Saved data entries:
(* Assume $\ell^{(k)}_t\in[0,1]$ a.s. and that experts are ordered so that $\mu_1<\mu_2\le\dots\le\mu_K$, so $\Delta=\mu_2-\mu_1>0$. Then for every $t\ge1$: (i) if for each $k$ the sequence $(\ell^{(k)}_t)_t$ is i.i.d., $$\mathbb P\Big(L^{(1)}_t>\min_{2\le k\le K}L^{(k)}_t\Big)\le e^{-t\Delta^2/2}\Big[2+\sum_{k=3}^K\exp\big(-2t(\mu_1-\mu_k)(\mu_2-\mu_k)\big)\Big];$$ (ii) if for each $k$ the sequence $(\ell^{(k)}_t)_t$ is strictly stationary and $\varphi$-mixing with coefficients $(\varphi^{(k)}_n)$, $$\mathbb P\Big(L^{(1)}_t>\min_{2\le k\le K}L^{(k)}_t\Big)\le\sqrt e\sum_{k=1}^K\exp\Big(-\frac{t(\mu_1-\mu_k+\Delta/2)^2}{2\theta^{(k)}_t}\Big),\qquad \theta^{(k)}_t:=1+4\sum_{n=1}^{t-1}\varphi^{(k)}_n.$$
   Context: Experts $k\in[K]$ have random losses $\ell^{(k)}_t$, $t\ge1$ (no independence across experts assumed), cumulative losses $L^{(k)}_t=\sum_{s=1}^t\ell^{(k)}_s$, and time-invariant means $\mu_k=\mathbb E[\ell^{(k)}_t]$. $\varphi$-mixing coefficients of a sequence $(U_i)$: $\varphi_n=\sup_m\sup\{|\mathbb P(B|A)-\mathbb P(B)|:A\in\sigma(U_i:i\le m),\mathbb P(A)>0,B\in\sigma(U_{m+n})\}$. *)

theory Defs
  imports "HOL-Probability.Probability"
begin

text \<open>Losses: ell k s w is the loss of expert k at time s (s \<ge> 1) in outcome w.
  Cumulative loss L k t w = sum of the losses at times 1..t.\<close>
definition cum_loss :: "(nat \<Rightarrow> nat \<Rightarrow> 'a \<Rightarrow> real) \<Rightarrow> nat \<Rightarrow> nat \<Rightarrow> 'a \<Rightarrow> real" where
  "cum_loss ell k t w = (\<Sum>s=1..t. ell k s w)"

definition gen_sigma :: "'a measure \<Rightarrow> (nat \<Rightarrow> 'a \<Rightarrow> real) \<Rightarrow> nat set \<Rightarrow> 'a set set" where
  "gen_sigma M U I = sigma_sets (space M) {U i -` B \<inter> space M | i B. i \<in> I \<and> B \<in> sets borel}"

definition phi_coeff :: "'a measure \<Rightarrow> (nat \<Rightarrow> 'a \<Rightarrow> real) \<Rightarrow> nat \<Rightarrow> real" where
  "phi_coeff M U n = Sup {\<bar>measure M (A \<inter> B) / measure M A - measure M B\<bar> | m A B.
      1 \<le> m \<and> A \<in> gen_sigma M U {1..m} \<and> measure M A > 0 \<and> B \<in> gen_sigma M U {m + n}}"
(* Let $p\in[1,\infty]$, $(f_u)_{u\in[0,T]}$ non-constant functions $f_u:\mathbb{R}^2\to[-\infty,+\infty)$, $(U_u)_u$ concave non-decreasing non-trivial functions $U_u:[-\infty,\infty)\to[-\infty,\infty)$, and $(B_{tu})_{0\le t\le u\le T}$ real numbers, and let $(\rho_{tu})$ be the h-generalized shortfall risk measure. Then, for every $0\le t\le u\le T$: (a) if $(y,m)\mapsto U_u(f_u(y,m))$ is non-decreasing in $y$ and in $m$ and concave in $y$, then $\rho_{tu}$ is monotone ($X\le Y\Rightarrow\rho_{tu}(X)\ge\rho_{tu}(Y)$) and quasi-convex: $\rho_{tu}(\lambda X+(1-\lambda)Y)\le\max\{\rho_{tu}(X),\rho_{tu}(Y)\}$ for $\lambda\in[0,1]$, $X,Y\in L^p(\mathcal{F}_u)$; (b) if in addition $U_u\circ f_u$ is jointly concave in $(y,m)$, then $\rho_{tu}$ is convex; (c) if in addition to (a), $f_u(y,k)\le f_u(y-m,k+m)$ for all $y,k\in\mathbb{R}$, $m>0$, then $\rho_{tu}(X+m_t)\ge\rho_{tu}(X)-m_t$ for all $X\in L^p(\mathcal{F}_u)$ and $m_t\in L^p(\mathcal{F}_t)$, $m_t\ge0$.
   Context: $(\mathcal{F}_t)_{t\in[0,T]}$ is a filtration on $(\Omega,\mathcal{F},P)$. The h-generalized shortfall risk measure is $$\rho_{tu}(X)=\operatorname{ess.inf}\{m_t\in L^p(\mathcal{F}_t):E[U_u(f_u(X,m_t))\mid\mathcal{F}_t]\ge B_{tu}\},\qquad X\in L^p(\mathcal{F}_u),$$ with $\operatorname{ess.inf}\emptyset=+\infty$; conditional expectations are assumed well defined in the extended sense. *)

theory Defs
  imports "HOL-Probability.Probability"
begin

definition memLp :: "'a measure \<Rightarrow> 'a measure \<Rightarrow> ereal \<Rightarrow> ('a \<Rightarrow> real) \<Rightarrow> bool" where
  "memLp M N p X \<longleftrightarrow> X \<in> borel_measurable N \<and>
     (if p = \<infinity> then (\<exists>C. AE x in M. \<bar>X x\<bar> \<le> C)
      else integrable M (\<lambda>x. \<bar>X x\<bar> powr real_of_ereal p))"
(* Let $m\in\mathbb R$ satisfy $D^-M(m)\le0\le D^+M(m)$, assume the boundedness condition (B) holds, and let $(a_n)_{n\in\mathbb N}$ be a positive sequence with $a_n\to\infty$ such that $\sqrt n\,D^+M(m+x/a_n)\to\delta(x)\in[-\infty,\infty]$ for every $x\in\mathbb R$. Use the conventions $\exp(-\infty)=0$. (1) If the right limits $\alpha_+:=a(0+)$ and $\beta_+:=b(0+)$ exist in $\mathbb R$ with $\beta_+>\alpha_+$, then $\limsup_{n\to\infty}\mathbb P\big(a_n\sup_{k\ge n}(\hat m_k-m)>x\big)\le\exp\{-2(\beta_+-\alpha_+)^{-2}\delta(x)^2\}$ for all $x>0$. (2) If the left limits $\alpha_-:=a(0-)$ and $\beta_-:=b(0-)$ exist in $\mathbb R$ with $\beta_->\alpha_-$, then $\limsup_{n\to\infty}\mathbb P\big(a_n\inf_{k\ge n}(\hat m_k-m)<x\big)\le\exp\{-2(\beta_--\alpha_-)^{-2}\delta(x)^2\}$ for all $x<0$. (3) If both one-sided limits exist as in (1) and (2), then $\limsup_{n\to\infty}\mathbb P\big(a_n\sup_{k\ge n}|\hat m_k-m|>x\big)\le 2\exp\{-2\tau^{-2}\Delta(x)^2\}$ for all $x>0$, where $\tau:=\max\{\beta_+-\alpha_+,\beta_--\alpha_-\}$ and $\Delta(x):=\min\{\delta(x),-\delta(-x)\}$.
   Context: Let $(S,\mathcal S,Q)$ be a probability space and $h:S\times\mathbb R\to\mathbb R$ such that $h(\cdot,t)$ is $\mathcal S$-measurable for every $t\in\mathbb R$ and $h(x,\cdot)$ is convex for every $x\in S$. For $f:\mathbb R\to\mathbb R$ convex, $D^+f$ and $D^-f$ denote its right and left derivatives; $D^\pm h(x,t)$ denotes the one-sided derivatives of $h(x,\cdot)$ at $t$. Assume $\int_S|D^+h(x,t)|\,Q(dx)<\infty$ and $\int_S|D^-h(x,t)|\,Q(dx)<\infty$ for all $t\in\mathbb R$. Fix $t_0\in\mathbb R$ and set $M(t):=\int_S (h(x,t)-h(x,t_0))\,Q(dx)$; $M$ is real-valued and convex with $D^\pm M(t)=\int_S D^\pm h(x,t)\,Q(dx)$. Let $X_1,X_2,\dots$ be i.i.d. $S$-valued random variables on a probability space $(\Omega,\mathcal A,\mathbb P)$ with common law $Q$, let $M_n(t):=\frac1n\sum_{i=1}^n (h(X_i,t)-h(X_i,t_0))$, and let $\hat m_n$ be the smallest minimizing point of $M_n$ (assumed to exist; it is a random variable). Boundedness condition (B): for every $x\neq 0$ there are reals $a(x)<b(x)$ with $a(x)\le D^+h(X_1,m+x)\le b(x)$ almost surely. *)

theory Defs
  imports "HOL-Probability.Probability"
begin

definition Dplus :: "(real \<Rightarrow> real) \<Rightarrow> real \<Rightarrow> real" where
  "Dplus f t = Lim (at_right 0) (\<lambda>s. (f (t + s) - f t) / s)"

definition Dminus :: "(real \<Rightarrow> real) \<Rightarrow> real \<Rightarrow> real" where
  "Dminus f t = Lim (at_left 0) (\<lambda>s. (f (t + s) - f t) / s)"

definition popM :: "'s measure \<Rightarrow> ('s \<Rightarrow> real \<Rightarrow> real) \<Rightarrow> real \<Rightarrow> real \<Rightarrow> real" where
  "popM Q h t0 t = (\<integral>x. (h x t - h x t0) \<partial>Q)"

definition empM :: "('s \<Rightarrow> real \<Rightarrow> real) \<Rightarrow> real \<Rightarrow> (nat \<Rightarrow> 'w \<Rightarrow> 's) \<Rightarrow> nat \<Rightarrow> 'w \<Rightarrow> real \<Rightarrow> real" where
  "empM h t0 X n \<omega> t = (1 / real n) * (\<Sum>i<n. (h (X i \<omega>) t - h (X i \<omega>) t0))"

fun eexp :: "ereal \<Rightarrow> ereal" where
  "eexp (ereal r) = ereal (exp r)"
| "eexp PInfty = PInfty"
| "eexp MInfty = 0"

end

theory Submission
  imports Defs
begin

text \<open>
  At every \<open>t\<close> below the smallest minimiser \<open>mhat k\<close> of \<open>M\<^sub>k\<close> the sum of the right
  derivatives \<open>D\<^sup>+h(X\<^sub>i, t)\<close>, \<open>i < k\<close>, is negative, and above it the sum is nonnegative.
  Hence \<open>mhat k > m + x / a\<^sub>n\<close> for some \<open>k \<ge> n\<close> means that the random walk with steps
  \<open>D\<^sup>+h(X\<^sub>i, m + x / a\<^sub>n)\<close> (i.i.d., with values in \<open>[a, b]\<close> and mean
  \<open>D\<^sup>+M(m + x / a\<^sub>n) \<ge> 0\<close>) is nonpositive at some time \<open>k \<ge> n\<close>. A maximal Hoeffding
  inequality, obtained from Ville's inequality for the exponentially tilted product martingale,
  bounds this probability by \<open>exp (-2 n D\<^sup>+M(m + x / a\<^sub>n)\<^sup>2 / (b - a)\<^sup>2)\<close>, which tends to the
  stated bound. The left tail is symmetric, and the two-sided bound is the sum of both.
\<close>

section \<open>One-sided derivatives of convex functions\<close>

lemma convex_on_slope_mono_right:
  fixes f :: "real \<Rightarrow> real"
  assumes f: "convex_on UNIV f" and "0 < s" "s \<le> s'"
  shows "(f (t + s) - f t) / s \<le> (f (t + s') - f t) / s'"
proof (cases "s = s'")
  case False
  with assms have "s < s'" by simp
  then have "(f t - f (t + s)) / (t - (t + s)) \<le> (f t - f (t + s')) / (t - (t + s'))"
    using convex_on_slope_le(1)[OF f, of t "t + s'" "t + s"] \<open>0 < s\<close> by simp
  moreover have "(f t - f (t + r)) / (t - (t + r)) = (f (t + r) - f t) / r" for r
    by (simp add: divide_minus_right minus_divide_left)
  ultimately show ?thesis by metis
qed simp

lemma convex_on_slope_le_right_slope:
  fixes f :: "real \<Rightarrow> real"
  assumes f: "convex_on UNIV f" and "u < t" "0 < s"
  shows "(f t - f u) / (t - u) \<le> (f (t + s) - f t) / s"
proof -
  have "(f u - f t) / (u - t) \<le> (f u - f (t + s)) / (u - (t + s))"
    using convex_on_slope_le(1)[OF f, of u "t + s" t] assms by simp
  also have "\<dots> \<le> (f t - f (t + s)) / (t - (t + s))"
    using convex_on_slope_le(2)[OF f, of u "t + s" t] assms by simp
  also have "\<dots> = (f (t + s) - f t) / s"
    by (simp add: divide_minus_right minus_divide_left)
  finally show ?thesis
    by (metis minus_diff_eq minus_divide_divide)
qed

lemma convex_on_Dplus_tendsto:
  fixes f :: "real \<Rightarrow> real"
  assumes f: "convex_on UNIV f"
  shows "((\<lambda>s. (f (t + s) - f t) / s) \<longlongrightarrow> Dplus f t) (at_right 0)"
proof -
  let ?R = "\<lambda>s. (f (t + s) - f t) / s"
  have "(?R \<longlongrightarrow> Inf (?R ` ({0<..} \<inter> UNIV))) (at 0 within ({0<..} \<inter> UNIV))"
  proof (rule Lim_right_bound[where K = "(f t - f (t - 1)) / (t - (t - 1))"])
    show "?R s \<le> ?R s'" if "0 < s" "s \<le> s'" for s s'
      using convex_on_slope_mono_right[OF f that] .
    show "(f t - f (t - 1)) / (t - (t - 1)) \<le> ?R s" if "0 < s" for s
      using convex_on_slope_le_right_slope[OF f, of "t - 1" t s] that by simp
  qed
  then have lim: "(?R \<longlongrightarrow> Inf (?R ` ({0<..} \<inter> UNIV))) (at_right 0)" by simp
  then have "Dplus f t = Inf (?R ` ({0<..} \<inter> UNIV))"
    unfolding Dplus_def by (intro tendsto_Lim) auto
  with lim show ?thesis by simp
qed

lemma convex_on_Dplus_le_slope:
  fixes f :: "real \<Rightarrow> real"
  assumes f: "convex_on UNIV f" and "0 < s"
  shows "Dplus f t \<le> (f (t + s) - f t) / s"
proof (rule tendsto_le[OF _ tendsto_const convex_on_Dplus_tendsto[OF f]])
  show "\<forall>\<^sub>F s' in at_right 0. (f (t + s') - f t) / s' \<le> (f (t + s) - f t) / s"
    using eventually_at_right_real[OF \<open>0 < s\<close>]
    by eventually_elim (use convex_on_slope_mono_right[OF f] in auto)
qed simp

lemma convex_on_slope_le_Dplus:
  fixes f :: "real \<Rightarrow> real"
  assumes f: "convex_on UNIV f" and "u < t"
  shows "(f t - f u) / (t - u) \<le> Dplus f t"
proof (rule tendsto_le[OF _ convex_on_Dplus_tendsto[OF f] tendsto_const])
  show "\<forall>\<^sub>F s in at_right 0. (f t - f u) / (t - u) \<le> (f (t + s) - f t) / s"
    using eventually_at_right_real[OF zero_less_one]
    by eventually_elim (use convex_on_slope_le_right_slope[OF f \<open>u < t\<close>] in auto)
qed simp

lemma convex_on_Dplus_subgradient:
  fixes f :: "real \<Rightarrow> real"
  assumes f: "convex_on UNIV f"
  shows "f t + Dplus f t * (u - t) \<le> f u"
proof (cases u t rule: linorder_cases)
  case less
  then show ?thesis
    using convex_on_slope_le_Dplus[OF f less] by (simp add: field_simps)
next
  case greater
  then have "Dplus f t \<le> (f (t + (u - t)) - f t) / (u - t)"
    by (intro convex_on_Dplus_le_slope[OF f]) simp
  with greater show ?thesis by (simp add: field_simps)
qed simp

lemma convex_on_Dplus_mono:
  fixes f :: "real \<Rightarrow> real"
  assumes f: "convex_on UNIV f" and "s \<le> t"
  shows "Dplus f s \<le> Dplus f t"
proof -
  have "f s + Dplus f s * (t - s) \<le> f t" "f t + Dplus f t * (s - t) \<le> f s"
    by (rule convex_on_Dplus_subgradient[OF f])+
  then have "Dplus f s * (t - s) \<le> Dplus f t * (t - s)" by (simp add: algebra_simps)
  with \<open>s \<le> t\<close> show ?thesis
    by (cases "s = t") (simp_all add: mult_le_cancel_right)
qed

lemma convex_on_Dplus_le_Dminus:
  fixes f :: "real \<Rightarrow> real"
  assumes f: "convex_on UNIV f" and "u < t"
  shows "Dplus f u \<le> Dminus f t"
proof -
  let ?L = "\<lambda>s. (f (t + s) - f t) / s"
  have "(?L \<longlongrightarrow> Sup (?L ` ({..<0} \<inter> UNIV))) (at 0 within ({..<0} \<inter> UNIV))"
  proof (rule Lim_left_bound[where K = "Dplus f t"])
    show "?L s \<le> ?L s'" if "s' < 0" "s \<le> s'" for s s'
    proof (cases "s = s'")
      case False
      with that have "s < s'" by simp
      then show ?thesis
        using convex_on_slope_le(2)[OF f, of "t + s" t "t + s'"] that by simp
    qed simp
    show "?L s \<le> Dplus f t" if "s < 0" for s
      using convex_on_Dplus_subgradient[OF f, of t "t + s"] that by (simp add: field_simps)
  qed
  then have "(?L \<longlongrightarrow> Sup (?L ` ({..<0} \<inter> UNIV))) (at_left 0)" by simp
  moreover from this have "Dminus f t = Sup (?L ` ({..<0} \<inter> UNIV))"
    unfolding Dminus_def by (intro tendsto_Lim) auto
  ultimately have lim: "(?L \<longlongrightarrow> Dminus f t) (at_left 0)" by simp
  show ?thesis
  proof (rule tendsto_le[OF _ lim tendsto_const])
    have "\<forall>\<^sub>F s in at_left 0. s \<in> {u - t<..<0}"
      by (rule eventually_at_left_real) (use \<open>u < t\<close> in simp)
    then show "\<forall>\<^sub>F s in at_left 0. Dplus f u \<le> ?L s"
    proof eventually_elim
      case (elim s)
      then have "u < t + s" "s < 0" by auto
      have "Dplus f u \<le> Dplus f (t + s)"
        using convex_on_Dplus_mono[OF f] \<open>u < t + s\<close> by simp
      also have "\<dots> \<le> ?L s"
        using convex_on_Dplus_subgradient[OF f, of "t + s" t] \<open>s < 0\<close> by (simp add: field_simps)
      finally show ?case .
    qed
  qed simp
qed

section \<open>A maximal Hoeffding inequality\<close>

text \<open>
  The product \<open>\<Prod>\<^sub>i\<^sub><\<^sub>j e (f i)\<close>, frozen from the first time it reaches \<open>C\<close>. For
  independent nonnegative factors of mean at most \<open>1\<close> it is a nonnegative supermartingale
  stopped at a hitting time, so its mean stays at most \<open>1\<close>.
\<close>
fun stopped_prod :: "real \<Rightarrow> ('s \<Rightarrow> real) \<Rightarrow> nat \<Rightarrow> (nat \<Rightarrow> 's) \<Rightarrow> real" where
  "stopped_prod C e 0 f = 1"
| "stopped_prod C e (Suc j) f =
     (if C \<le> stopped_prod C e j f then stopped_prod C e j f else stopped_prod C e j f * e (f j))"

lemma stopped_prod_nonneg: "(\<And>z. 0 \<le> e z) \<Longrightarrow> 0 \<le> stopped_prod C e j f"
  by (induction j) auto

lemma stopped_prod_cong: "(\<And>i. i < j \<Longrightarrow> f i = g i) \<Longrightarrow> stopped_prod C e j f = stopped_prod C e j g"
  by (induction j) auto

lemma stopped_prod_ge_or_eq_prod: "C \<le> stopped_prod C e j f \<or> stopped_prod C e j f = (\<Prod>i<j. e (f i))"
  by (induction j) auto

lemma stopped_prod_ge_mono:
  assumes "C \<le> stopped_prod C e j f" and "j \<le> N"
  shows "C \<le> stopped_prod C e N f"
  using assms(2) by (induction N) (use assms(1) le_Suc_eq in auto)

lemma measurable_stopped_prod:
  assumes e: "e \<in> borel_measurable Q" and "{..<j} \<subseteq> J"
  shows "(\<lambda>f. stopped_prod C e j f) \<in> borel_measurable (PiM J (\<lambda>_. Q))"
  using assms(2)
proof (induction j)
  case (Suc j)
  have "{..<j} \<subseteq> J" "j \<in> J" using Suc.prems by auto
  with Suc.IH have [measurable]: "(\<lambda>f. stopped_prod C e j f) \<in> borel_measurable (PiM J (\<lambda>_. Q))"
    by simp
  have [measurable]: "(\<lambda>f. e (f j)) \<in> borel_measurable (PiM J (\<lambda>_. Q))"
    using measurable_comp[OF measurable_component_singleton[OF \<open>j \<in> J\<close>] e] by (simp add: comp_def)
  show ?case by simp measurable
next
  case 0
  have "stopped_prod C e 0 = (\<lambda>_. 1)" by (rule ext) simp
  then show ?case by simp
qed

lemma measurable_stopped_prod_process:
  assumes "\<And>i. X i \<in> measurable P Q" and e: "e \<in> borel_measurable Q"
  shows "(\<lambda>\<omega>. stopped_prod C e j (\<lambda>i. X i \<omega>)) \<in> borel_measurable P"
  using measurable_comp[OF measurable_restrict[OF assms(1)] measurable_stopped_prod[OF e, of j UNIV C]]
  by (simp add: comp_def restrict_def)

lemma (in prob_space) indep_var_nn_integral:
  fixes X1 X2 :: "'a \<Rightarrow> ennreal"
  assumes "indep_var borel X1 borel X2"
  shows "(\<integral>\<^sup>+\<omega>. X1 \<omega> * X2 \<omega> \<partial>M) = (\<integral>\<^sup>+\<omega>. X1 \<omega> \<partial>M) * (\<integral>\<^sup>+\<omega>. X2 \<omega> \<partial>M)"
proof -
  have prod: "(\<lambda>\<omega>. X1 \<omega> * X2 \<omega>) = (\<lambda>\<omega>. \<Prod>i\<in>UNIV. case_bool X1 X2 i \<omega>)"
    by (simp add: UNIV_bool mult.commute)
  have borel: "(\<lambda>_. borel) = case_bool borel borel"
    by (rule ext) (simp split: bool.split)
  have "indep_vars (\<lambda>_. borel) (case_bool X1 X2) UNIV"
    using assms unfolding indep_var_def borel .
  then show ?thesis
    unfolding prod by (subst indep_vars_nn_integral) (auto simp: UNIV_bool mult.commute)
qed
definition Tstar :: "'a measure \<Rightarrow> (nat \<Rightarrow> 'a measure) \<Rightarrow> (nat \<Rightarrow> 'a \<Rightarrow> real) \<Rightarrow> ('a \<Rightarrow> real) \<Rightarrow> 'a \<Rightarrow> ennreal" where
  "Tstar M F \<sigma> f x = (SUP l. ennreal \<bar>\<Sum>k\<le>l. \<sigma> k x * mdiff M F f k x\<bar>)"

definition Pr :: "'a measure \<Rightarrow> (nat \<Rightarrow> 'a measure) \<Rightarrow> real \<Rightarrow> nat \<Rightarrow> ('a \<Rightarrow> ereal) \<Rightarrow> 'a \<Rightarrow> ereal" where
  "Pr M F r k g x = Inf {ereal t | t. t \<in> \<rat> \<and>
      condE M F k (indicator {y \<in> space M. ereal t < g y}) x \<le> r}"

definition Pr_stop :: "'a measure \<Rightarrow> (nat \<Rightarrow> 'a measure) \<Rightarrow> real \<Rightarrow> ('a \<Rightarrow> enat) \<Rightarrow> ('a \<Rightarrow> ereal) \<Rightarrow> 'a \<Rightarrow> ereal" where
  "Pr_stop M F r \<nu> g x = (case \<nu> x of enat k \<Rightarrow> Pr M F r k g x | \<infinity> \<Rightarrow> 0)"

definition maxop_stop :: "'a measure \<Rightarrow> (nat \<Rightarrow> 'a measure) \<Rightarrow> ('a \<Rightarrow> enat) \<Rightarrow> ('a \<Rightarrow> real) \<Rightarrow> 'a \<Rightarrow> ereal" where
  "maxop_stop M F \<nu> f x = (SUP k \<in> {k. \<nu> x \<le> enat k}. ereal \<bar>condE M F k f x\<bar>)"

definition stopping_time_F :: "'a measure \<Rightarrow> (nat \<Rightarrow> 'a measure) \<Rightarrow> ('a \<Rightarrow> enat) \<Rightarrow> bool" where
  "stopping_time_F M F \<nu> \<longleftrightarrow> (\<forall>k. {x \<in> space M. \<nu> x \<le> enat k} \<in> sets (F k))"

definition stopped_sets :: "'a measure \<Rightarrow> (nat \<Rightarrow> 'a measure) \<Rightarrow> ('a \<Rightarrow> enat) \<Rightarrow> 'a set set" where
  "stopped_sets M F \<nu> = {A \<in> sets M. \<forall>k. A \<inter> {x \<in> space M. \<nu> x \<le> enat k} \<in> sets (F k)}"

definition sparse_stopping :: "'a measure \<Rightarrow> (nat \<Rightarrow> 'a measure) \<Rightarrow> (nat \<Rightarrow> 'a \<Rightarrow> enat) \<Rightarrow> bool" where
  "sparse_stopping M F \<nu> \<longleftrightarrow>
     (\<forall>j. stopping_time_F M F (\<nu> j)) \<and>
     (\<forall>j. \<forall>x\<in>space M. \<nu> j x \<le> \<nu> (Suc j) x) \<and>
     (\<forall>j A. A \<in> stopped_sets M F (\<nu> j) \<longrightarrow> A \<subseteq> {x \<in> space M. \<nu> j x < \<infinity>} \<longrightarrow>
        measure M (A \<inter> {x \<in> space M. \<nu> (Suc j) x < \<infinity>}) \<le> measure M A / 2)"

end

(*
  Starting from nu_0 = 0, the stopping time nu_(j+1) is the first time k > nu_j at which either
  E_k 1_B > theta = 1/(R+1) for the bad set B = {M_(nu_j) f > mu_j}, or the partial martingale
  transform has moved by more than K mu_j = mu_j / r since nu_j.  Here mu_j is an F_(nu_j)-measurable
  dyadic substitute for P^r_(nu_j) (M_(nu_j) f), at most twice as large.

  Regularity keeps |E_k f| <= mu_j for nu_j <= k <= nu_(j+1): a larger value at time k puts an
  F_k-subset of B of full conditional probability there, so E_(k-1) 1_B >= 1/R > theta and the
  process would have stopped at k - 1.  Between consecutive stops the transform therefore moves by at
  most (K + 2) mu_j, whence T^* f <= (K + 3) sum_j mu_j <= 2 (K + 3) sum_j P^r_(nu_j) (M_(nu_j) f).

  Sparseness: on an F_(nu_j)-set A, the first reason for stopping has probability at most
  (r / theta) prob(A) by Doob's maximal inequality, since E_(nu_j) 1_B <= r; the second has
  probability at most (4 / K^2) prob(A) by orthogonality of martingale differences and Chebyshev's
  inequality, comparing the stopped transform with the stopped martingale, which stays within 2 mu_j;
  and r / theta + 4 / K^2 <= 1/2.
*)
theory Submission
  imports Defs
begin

Your task
Nothing should appear in the answer except the lines above from the line with "case greater" through the line with "moreover from this", both included, written out exactly.

Answer to the exercise
  case greater
  then have "Dplus f t \<le> (f (t + (u - t)) - f t) / (u - t)"
    by (intro convex_on_Dplus_le_slope[OF f]) simp
  with greater show ?thesis by (simp add: field_simps)
qed simp

lemma convex_on_Dplus_mono:
  fixes f :: "real \<Rightarrow> real"
  assumes f: "convex_on UNIV f" and "s \<le> t"
  shows "Dplus f s \<le> Dplus f t"
proof -
  have "f s + Dplus f s * (t - s) \<le> f t" "f t + Dplus f t * (s - t) \<le> f s"
    by (rule convex_on_Dplus_subgradient[OF f])+
  then have "Dplus f s * (t - s) \<le> Dplus f t * (t - s)" by (simp add: algebra_simps)
  with \<open>s \<le> t\<close> show ?thesis
    by (cases "s = t") (simp_all add: mult_le_cancel_right)
qed

lemma convex_on_Dplus_le_Dminus:
  fixes f :: "real \<Rightarrow> real"
  assumes f: "convex_on UNIV f" and "u < t"
  shows "Dplus f u \<le> Dminus f t"
proof -
  let ?L = "\<lambda>s. (f (t + s) - f t) / s"
  have "(?L \<longlongrightarrow> Sup (?L ` ({..<0} \<inter> UNIV))) (at 0 within ({..<0} \<inter> UNIV))"
  proof (rule Lim_left_bound[where K = "Dplus f t"])
    show "?L s \<le> ?L s'" if "s' < 0" "s \<le> s'" for s s'
    proof (cases "s = s'")
      case False
      with that have "s < s'" by simp
      then show ?thesis
        using convex_on_slope_le(2)[OF f, of "t + s" t "t + s'"] that by simp
    qed simp
    show "?L s \<le> Dplus f t" if "s < 0" for s
      using convex_on_Dplus_subgradient[OF f, of t "t + s"] that by (simp add: field_simps)
  qed
  then have "(?L \<longlongrightarrow> Sup (?L ` ({..<0} \<inter> UNIV))) (at_left 0)" by simp
  moreover from this have "Dminus f t = Sup (?L ` ({..<0} \<inter> UNIV))"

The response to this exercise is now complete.